*DATA TO PROCESS*.
text \<open>Membership in H, via the Fourier characterisation of the L^2 closure of
  divergence-free mean-zero periodic trigonometric polynomials:
  square integrable, zero mean mode, and k . u_hat(k) = 0 for all k.\<close>
definition in_H :: "real \<Rightarrow> (real^2 \<Rightarrow> real^2) \<Rightarrow> bool" where
  "in_H L u =
     ((\<lambda>x. (norm (u x))^2) integrable_on cbox 0 (vec L) \<and>
      (\<forall>j. fcoeff L u (0,0) j = 0) \<and>
      (\<forall>k. of_int (fst k) * fcoeff L u k 1 + of_int (snd k) * fcoeff L u k 2 = 0))"

definition stokes_eig :: "real \<Rightarrow> int \<times> int \<Rightarrow> real" where
  "stokes_eig L k = (kappa0 L)^2 * (real_of_int (fst k)^2 + real_of_int (snd k)^2)"

text \<open>Summand of |A^(alpha/2) u|^2 (Parseval: |f|^2 = L^2 * sum |f_hat k|^2).\<close>
definition Apow_term :: "real \<Rightarrow> nat \<Rightarrow> (real^2 \<Rightarrow> real^2) \<Rightarrow> int \<times> int \<Rightarrow> real" where
  "Apow_term L \<alpha> u k = L^2 * (stokes_eig L k) ^ \<alpha> *
      ((cmod (fcoeff L u k 1))^2 + (cmod (fcoeff L u k 2))^2)"

definition Apow_norm2 :: "real \<Rightarrow> nat \<Rightarrow> (real^2 \<Rightarrow> real^2) \<Rightarrow> real" where
  "Apow_norm2 L \<alpha> u = (\<Sum>\<^sub>\<infinity>k\<in>UNIV. Apow_term L \<alpha> u k)"

definition gevrey_class :: "real \<Rightarrow> real \<Rightarrow> real \<Rightarrow> (real^2 \<Rightarrow> real^2) set" where
  "gevrey_class L \<nu> \<sigma> =
     {u. smooth_field u \<and> periodic_field L u \<and> in_H L u \<and>
         (\<exists>c0::real. \<forall>\<alpha>::nat. Apow_term L \<alpha> u summable_on UNIV \<and>
             Apow_norm2 L \<alpha> u / (\<nu>^2 * (kappa0 L) ^ (2 * \<alpha>)) \<le> c0 * exp (\<sigma> * (real \<alpha>)^2))}"

end

theory Submission
  imports Defs
begin

text \<open>
  The inclusion holds because the defining bound only weakens as \<sigma> grows. For strictness take
  the shear flow \<open>u(x) = (f(x\<^sub>2), 0)\<close> with the lacunary profile
  \<open>f(t) = \<Sum>\<^sub>j exp(-\<tau> j^2) cos(\<kappa>\<^sub>0 B^j t)\<close>. Its only Fourier modes are \<open>(0, \<plusminus>B^j)\<close>,
  each with coefficient \<open>exp(-\<tau> j^2)/2\<close>, so \<open>|A^(\<alpha>/2) u|^2 / (\<nu>^2 \<kappa>\<^sub>0^(2\<alpha>))\<close> is a constant
  multiple of \<open>G(\<alpha>) = \<Sum>\<^sub>j exp(2\<alpha> ln B j - 2\<tau> j^2)\<close>. Completing the square in \<open>j\<close> gives
  \<open>G(\<alpha>) \<ge> exp(s \<alpha>^2 - \<tau>/2)\<close>, and \<open>G(\<alpha>) = O(exp(\<sigma> \<alpha>^2))\<close> for every \<open>\<sigma> > s\<close>, where
  \<open>s = (ln B)^2/(2\<tau>)\<close>. So \<open>u \<in> \<C>(\<sigma>)\<close> exactly when \<open>\<sigma> > s\<close>, and \<open>B = 2\<close>,
  \<open>\<tau> = (ln 2)^2/(\<sigma>\<^sub>1 + \<sigma>\<^sub>2)\<close> put \<open>s\<close> strictly between \<open>\<sigma>\<^sub>1\<close> and \<open>\<sigma>\<^sub>2\<close>.
\<close>

section \<open>Gaussian sums\<close>

lemma exp_linear_minus_quadratic_le:
  fixes a b b' :: real and j :: nat
  assumes "0 < b'" "b' < b"
  shows "exp (a * real j - b * (real j)^2) \<le> exp (a^2 / (4 * b')) * exp (- (b - b')) ^ j"
proof -
  have "0 \<le> (a - 2 * b' * real j)^2" by simp
  then have "a * real j \<le> a^2 / (4 * b') + b' * (real j)^2"
    using assms by (simp add: field_simps power2_eq_square)
  moreover have "real j \<le> (real j)^2" by (cases j) (auto simp: power2_eq_square)
  then have "(b - b') * real j \<le> (b - b') * (real j)^2" using assms by (intro mult_left_mono) auto
  ultimately have "a * real j - b * (real j)^2 \<le> a^2 / (4 * b') + (- (b - b')) * real j"
    by (simp add: algebra_simps)
  then have "exp (a * real j - b * (real j)^2) \<le> exp (a^2 / (4 * b') + (- (b - b')) * real j)"
    by simp
  also have "\<dots> = exp (a^2 / (4 * b')) * exp (- (b - b')) ^ j"
    by (simp add: exp_add exp_of_nat_mult[symmetric] mult.commute)
  finally show ?thesis .
qed

lemma summable_exp_linear_minus_quadratic:
  fixes a b :: real
  assumes "0 < b"
  shows "summable (\<lambda>j::nat. exp (a * real j - b * (real j)^2))"
proof (rule summable_comparison_test)
  show "summable (\<lambda>j::nat. exp (a^2 / (4 * (b/2))) * exp (- (b - b/2)) ^ j)"
    using assms by (intro summable_mult summable_geometric) auto
  show "\<exists>N. \<forall>j\<ge>N. norm (exp (a * real j - b * (real j)^2)) \<le> exp (a^2 / (4 * (b/2))) * exp (- (b - b/2)) ^ j"
    using exp_linear_minus_quadratic_le[of "b/2" b a] assms by auto
qed

definition gauss_sum :: "real \<Rightarrow> real \<Rightarrow> real" where
  "gauss_sum a b = (\<Sum>j. exp (a * real j - b * (real j)^2))"

lemma gauss_sum_le:
  assumes "0 < b'" "b' < b"
  shows "gauss_sum a b \<le> exp (a^2 / (4 * b')) / (1 - exp (- (b - b')))"
proof -
  define r where "r = exp (- (b - b'))"
  have r: "0 < r" "r < 1" using assms by (auto simp: r_def)
  have "gauss_sum a b \<le> (\<Sum>j. exp (a^2 / (4 * b')) * r ^ j)"
    unfolding gauss_sum_def
  proof (rule suminf_le)
    show "summable (\<lambda>j. exp (a * real j - b * (real j)^2))"
      using assms by (intro summable_exp_linear_minus_quadratic) auto
    show "summable (\<lambda>j. exp (a^2 / (4 * b')) * r ^ j)"
      using r by (intro summable_mult summable_geometric) auto
  qed (use exp_linear_minus_quadratic_le[OF assms] in \<open>simp add: r_def\<close>)
  also have "\<dots> = exp (a^2 / (4 * b')) / (1 - r)"
    using r by (simp add: suminf_mult summable_geometric suminf_geometric)
  finally show ?thesis by (simp add: r_def)
qed

lemma gauss_sum_ge:
  assumes "0 \<le> a" "0 < b"
  shows "exp (a^2 / (4 * b) - b / 4) \<le> gauss_sum a b"
proof -
  \<comment> \<open>the term nearest to the vertex \<open>c\<close> of the parabola\<close>
  define c where "c = a / (2 * b)"
  define j where "j = nat \<lfloor>c + 1/2\<rfloor>"
  have "c \<ge> 0" using assms by (simp add: c_def)
  then have "real j = of_int \<lfloor>c + 1/2\<rfloor>" by (simp add: j_def)
  then have "\<bar>real j - c\<bar> \<le> 1/2" by linarith
  then have "(real j - c)^2 \<le> (1/2)^2" by (metis abs_ge_zero power2_abs power_mono)
  then have "b * (real j - c)^2 \<le> b / 4" using assms by (simp add: mult_left_mono power_divide)
  moreover have "a * real j - b * (real j)^2 = a^2 / (4 * b) - b * (real j - c)^2"
    using assms by (simp add: c_def field_simps power2_eq_square)
  ultimately have "exp (a^2 / (4 * b) - b / 4) \<le> exp (a * real j - b * (real j)^2)" by simp
  also have "\<dots> \<le> gauss_sum a b"
    using sum_le_suminf[OF summable_exp_linear_minus_quadratic[OF assms(2)], of "{j}" a]
    by (simp add: gauss_sum_def)
  finally show ?thesis .
qed

lemma gauss_sum_le_exp_quadratic:
  assumes "0 < c" "0 < \<tau>" "c^2 / (2 * \<tau>) < \<sigma>"
  shows "gauss_sum (2 * real \<alpha> * c) (2 * \<tau>) \<le> exp (\<sigma> * (real \<alpha>)^2) / (1 - exp (- (2 * \<tau> - c^2 / \<sigma>)))"
proof -
  have "\<sigma> > 0" using assms by (smt (verit) divide_pos_pos zero_less_power)
  then have "0 < c^2 / \<sigma>" "c^2 / \<sigma> < 2 * \<tau>"
    using assms by (simp_all add: field_simps)
  then have "gauss_sum (2 * real \<alpha> * c) (2 * \<tau>)
      \<le> exp ((2 * real \<alpha> * c)^2 / (4 * (c^2 / \<sigma>))) / (1 - exp (- (2 * \<tau> - c^2 / \<sigma>)))"
    by (rule gauss_sum_le)
  also have "(2 * real \<alpha> * c)^2 / (4 * (c^2 / \<sigma>)) = \<sigma> * (real \<alpha>)^2"
    using assms \<open>\<sigma> > 0\<close> by (simp add: field_simps power2_eq_square)
  finally show ?thesis .
qed

lemma gauss_sum_ge_exp_quadratic:
  assumes "0 \<le> c" "0 < \<tau>"
  shows "exp (- \<tau> / 2) * exp (c^2 / (2 * \<tau>) * (real \<alpha>)^2) \<le> gauss_sum (2 * real \<alpha> * c) (2 * \<tau>)"
proof -
  have "exp (- \<tau> / 2) * exp (c^2 / (2 * \<tau>) * (real \<alpha>)^2)
      = exp ((2 * real \<alpha> * c)^2 / (4 * (2 * \<tau>)) - 2 * \<tau> / 4)"
    using assms by (simp add: mult_exp_exp field_simps power2_eq_square)
  also have "\<dots> \<le> gauss_sum (2 * real \<alpha> * c) (2 * \<tau>)"
    using assms by (intro gauss_sum_ge) auto
  finally show ?thesis .
qed

lemma exp_quadratic_dominates:
  fixes c K \<sigma> s :: real
  assumes "0 < K" "\<sigma> < s"
  obtains \<alpha> :: nat where "c * exp (\<sigma> * (real \<alpha>)^2) < K * exp (s * (real \<alpha>)^2)"
proof -
  obtain \<alpha> :: nat where \<alpha>: "c / (K * (s - \<sigma>)) < real \<alpha>"
    using reals_Archimedean2 by blast
  have "c < K * ((s - \<sigma>) * real \<alpha>)"
    using \<alpha> assms by (simp add: field_simps)
  also have "\<dots> \<le> K * ((s - \<sigma>) * (real \<alpha>)^2)"
  proof -
    have "real \<alpha> \<le> (real \<alpha>)^2" by (cases \<alpha>) (auto simp: power2_eq_square)
    then show ?thesis using assms by (intro mult_left_mono) auto
  qed
  also have "\<dots> \<le> K * exp ((s - \<sigma>) * (real \<alpha>)^2)"
    using assms by (smt (verit) exp_ge_add_one_self mult_left_mono)
  finally have "c * exp (\<sigma> * (real \<alpha>)^2) < K * exp ((s - \<sigma>) * (real \<alpha>)^2) * exp (\<sigma> * (real \<alpha>)^2)"
    by simp
  also have "\<dots> = K * exp (s * (real \<alpha>)^2)"
    by (simp add: mult_exp_exp algebra_simps)
  finally show ?thesis by (rule that)
qed

section \<open>Integrals over the period\<close>

lemma cbox_vec2_eq: "cbox (u::real^2) v = {x. u$1 \<le> x$1 \<and> x$1 \<le> v$1 \<and> u$2 \<le> x$2 \<and> x$2 \<le> v$2}"
  by (auto simp: mem_box_cart forall_2)

lemma vector_nth_2: "vector [x$1, x$2] = (x::real^2)"
  by (simp add: vec_eq_iff forall_2)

*EXERCISE*. Your answer should be one number: the count of lines holding "lfloor" in the listing.

*OUTPUT FOR THIS EXERCISE*. 2